EXTRACTED RECORDS>
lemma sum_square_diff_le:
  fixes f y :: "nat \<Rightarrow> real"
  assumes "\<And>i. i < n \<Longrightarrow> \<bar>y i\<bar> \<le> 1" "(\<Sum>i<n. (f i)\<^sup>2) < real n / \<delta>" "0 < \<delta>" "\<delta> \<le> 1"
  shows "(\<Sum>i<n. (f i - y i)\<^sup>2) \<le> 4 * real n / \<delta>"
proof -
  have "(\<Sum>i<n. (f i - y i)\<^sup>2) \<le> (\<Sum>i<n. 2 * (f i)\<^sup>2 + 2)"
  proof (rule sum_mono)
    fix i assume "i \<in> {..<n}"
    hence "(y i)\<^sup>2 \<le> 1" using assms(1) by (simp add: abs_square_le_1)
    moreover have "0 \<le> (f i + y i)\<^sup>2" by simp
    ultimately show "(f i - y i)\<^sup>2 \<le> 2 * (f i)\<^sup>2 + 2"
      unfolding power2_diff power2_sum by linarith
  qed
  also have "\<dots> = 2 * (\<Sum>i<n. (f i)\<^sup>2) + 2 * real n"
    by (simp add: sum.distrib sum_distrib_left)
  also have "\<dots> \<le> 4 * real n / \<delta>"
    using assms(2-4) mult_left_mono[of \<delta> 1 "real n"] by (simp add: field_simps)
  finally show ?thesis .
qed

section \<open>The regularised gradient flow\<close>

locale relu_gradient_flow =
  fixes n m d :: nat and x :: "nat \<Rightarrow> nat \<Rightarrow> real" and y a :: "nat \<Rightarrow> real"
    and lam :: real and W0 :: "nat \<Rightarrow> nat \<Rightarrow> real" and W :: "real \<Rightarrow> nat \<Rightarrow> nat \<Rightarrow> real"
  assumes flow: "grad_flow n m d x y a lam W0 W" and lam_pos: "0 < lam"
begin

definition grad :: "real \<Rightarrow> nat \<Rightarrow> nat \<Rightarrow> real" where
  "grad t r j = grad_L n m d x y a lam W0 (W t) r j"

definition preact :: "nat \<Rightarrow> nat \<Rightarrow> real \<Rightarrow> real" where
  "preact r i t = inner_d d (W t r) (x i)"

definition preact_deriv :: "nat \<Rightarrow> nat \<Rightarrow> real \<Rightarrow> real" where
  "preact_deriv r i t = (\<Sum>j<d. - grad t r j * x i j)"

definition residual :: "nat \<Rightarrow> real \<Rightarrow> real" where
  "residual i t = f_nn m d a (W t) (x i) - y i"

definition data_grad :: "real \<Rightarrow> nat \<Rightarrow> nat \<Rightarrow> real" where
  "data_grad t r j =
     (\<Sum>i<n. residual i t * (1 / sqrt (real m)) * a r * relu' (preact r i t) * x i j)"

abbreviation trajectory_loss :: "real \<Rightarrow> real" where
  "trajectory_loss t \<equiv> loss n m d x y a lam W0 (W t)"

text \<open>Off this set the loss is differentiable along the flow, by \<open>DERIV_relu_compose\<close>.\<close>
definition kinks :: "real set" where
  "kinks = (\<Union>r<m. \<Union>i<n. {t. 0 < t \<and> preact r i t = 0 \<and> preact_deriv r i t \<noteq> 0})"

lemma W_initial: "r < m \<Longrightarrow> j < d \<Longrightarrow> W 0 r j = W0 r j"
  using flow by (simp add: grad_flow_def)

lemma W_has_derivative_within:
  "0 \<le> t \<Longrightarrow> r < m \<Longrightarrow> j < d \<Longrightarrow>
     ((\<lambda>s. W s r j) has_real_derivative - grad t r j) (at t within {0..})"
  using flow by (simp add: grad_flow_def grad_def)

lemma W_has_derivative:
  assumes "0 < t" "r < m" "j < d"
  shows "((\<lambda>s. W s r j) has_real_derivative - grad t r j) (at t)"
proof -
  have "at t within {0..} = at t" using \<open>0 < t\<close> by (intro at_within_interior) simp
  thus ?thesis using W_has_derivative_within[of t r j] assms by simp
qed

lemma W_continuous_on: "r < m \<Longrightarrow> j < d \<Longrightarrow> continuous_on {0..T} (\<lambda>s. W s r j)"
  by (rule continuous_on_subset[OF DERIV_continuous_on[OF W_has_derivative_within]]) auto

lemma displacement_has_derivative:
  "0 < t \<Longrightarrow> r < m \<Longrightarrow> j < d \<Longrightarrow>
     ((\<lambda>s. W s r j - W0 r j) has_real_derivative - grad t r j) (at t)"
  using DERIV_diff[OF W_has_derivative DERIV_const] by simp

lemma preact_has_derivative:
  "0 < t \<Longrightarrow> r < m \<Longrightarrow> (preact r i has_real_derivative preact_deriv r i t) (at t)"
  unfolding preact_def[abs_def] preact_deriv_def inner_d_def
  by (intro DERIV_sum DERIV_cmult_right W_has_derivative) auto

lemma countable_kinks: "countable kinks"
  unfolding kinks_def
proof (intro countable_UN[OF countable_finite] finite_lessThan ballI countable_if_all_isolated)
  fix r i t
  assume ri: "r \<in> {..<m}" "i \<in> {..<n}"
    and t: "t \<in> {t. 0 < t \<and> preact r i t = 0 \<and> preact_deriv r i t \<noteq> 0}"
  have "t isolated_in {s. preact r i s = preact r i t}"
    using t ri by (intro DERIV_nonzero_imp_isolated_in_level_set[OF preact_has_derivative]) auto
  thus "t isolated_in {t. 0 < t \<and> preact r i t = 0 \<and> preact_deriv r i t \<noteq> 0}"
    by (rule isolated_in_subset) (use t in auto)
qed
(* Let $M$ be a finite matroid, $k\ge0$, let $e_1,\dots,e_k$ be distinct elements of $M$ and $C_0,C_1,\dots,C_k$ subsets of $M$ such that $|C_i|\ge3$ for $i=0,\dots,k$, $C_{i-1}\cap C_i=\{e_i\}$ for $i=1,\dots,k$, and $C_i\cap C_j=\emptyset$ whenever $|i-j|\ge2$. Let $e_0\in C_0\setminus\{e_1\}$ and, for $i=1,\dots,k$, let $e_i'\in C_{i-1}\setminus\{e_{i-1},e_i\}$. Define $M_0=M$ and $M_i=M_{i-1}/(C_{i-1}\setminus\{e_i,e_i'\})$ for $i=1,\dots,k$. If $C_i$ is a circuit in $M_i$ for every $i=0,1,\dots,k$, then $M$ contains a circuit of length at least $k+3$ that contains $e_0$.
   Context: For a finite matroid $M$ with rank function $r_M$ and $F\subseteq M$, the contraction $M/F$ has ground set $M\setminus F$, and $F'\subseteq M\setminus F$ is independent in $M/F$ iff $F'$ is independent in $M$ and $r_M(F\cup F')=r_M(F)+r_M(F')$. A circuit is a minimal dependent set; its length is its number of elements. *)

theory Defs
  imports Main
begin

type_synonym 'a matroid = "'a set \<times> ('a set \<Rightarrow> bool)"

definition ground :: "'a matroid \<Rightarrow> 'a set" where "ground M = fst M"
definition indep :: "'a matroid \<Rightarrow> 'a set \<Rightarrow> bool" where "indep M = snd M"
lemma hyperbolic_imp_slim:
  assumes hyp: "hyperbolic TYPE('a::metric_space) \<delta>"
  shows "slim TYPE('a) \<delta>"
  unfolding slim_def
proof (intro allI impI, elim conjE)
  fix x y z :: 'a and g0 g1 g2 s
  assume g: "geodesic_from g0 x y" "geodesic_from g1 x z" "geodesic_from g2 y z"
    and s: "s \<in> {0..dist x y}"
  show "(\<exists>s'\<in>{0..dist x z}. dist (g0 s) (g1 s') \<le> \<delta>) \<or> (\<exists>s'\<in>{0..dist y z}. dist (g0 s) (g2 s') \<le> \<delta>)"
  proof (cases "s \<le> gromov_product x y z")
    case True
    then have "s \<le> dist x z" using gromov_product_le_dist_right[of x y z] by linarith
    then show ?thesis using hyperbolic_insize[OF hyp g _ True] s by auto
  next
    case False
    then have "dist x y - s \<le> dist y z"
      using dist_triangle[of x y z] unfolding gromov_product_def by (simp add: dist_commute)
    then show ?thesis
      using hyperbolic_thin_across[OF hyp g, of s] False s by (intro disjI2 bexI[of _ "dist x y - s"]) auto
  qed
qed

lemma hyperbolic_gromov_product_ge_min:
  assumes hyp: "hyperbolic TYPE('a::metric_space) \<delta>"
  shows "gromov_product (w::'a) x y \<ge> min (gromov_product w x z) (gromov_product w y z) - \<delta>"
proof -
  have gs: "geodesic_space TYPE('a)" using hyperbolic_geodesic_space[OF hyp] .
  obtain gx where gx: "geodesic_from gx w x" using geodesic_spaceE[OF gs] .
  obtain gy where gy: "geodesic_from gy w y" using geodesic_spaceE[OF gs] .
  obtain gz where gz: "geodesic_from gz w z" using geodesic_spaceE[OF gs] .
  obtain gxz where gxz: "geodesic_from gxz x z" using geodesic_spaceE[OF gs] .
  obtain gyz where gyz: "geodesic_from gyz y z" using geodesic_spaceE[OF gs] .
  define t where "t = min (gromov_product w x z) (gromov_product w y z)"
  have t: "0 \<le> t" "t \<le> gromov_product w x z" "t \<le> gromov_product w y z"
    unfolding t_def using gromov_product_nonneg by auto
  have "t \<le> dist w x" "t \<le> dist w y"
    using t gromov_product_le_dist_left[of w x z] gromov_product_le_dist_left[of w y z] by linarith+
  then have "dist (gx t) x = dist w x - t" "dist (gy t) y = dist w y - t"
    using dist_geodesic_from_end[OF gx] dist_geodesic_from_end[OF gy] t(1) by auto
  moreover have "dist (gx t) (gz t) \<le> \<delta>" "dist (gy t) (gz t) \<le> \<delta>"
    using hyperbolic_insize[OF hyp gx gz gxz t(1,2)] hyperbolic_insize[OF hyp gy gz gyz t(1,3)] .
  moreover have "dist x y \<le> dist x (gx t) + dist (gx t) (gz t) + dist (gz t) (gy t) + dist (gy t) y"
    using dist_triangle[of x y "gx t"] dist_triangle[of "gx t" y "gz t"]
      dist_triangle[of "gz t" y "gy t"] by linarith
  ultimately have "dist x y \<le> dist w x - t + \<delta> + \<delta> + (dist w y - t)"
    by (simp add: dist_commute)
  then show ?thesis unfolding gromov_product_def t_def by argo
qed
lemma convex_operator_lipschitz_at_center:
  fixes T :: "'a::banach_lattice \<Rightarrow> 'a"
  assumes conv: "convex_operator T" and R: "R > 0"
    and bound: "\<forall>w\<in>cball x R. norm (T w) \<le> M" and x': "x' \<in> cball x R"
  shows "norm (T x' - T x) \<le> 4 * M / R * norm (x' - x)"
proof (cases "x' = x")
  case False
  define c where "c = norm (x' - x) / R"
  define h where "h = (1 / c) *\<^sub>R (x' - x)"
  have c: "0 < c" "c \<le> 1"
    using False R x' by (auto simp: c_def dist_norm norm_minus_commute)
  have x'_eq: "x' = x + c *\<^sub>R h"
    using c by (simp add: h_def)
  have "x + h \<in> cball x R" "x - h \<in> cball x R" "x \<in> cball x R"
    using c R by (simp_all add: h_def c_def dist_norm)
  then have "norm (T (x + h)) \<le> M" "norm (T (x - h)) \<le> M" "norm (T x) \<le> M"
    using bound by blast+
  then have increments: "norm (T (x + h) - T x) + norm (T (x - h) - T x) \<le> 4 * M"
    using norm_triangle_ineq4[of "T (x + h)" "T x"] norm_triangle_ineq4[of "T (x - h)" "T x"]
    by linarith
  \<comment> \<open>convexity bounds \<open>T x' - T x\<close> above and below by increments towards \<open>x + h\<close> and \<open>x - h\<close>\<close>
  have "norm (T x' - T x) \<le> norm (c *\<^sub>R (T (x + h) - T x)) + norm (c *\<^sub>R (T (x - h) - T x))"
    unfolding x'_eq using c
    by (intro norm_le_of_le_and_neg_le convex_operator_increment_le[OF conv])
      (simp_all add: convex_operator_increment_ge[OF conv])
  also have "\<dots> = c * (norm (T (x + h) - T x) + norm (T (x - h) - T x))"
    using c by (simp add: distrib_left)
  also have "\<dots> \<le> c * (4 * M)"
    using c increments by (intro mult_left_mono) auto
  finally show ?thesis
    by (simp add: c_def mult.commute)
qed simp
---
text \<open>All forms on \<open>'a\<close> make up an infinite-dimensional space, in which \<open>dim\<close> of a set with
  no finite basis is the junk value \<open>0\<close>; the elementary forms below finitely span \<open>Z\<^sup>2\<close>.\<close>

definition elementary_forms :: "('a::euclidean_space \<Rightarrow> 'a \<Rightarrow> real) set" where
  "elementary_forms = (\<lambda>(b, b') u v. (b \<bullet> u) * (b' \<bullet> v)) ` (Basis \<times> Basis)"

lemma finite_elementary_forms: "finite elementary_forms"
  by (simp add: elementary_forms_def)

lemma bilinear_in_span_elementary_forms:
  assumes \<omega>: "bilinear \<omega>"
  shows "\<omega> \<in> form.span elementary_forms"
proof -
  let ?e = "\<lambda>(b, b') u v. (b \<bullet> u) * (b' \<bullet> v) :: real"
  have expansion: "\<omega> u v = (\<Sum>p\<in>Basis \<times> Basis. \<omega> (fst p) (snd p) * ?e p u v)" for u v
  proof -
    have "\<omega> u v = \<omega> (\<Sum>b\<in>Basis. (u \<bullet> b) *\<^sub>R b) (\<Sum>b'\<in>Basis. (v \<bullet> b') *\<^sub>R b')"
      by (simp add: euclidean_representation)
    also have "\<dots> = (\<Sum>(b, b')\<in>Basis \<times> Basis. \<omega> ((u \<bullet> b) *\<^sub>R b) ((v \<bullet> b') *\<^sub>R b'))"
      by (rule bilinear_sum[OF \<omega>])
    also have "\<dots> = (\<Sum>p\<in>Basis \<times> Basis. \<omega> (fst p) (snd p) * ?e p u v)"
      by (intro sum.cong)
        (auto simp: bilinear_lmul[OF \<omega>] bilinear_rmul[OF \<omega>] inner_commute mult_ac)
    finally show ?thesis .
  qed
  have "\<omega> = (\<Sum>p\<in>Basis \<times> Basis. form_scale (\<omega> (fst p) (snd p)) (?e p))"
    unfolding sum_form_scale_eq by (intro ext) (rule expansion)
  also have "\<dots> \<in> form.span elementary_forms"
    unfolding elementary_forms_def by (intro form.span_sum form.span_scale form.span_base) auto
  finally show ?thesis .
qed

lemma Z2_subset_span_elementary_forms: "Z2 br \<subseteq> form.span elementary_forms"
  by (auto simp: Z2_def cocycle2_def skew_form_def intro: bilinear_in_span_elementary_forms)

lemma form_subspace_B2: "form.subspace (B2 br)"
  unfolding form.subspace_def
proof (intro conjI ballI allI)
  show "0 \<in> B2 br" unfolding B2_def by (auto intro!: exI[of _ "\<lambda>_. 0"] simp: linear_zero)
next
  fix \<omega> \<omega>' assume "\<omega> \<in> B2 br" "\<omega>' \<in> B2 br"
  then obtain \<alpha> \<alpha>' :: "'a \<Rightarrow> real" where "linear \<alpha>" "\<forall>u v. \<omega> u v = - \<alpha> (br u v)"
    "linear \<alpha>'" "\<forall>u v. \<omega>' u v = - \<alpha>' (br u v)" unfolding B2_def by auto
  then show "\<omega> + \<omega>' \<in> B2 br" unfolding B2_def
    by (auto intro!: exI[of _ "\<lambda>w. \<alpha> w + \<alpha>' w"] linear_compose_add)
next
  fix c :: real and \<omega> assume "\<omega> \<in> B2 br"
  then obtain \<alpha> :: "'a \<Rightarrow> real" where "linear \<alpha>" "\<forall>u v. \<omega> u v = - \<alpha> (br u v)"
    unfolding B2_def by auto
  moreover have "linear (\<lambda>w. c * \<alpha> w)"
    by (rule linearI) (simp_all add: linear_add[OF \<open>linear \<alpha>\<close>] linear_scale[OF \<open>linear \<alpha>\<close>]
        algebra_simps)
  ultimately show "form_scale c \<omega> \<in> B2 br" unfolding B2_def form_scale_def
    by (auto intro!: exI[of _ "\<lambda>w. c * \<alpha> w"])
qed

EXERCISE DESCRIPTION>
Within the material above, extract exactly the lines that start at the line containing "i)\<^sup>2) \<le> 4" and stop after the line containing "by (simp add: sum.distrib", and only those.

REPLY>
  shows "(\<Sum>i<n. (f i - y i)\<^sup>2) \<le> 4 * real n / \<delta>"
proof -
  have "(\<Sum>i<n. (f i - y i)\<^sup>2) \<le> (\<Sum>i<n. 2 * (f i)\<^sup>2 + 2)"
  proof (rule sum_mono)
    fix i assume "i \<in> {..<n}"
    hence "(y i)\<^sup>2 \<le> 1" using assms(1) by (simp add: abs_square_le_1)
    moreover have "0 \<le> (f i + y i)\<^sup>2" by simp
    ultimately show "(f i - y i)\<^sup>2 \<le> 2 * (f i)\<^sup>2 + 2"
      unfolding power2_diff power2_sum by linarith
  qed
  also have "\<dots> = 2 * (\<Sum>i<n. (f i)\<^sup>2) + 2 * real n"
    by (simp add: sum.distrib sum_distrib_left)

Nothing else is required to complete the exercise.